Authors
Lucas Serra Moncadas, Alisa Shakurova, Cyrill Hofer, Adrian-Stefan Andrei
Published in
Nature communications. Volume 17. Issue 1. Apr 01, 2026. Epub Apr 01, 2026.
Abstract
Bacteria span Earth's ecosystems, coupling ecological versatility with genome-architectural reconfiguration across shifting physicochemical conditions. Yet the genomic routes by which free-living lineages cross ecosystem boundaries, and the consequences for genome architecture, remain poorly understood. Here, we use comparative and evolutionary genomics to investigate a soil-to-sediment-to-freshwater transition in Limnocylindria, an abundant clade within the Chloroflexota phylum. Two sister families show contrasting strategies. CSP1-4 expands genomes through niche-specific gene acquisition, whereas Limnocylindraceae undergoes genome reduction and metabolic simplification-revealing alternative evolutionary routes to similar ecological outcomes. In Limnocylindraceae, the loss of key DNA glycosylases coincides with degradation of base excision repair and is consistent with a hypermutator state that may have accelerated genomic erosion during freshwater specialization, potentially facilitating ecological expansion.

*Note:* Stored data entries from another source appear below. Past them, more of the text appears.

lemma divisor_indices_eq_block_Un_carried:
  fixes x w :: "nat \<Rightarrow> nat" and X :: int
  assumes x0: "x 0 = 0" and m: "m \<in> {1..M}" and mono: "x (m - 1) \<le> x m"
    and blocks: "\<forall>i\<in>{1..M}. \<forall>j\<in>{x (i - 1)<..x i}. int (w j) dvd X + int i"
  shows "{j \<in> {1..x m}. int (w j) dvd X + int m} = {x (m - 1)<..x m} \<union> carried w x m"
proof (intro equalityI subsetI)
  fix j assume j: "j \<in> {j \<in> {1..x m}. int (w j) dvd X + int m}"
  show "j \<in> {x (m - 1)<..x m} \<union> carried w x m"
  proof (cases "x (m - 1) < j")
    case False
    then have "1 \<le> j" "j \<le> x (m - 1)" using j by auto
    then obtain i where i: "i \<in> {1..m - 1}" "x (i - 1) < j" "j \<le> x i"
      using block_index_exists[of x j "m - 1", OF x0] by blast
    then have "int (w j) dvd X + int i" using blocks m by auto
    with j have "int (w j) dvd (X + int m) - (X + int i)" by (intro dvd_diff) auto
    then show ?thesis
      unfolding carried_def using i \<open>1 \<le> j\<close> \<open>j \<le> x (m - 1)\<close> by auto
  qed (use j in auto)
next
  fix j assume j: "j \<in> {x (m - 1)<..x m} \<union> carried w x m"
  show "j \<in> {j \<in> {1..x m}. int (w j) dvd X + int m}"
  proof (cases "j \<in> {x (m - 1)<..x m}")
    case False
    then obtain i where i: "i \<in> {1..m - 1}" "x (i - 1) < j" "j \<le> x i"
        "int (w j) dvd int m - int i" and "1 \<le> j" "j \<le> x (m - 1)"
      using j unfolding carried_def by auto
    then have "int (w j) dvd X + int i" using blocks m by auto
    then have "int (w j) dvd (X + int i) + (int m - int i)" using i(4) by (rule dvd_add)
    then show ?thesis using \<open>1 \<le> j\<close> \<open>j \<le> x (m - 1)\<close> mono by simp
  qed (use blocks m in auto)
qed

This reductive genome trajectory is associated with a freshwater-adapted lineage with unexpectedly high GC content, challenging canonical links between base composition and genome size. While mutational processes appear to dominate genome restructuring, proteome-level patterns suggest selection favoring carbon- and nitrogen-efficient amino acid usage, implying that adaptive refinement can emerge alongside primarily non-adaptive dynamics. Overall, our findings are consistent with mutation-driven genome reduction and proteome optimization acting in concert to support cross-ecosystem boundary crossing and freshwater specialization in a free-living Chloroflexota lineage.
PMID:
41922347
Bibliographic data and abstract were imported from PubMed on 14 Jun 2026.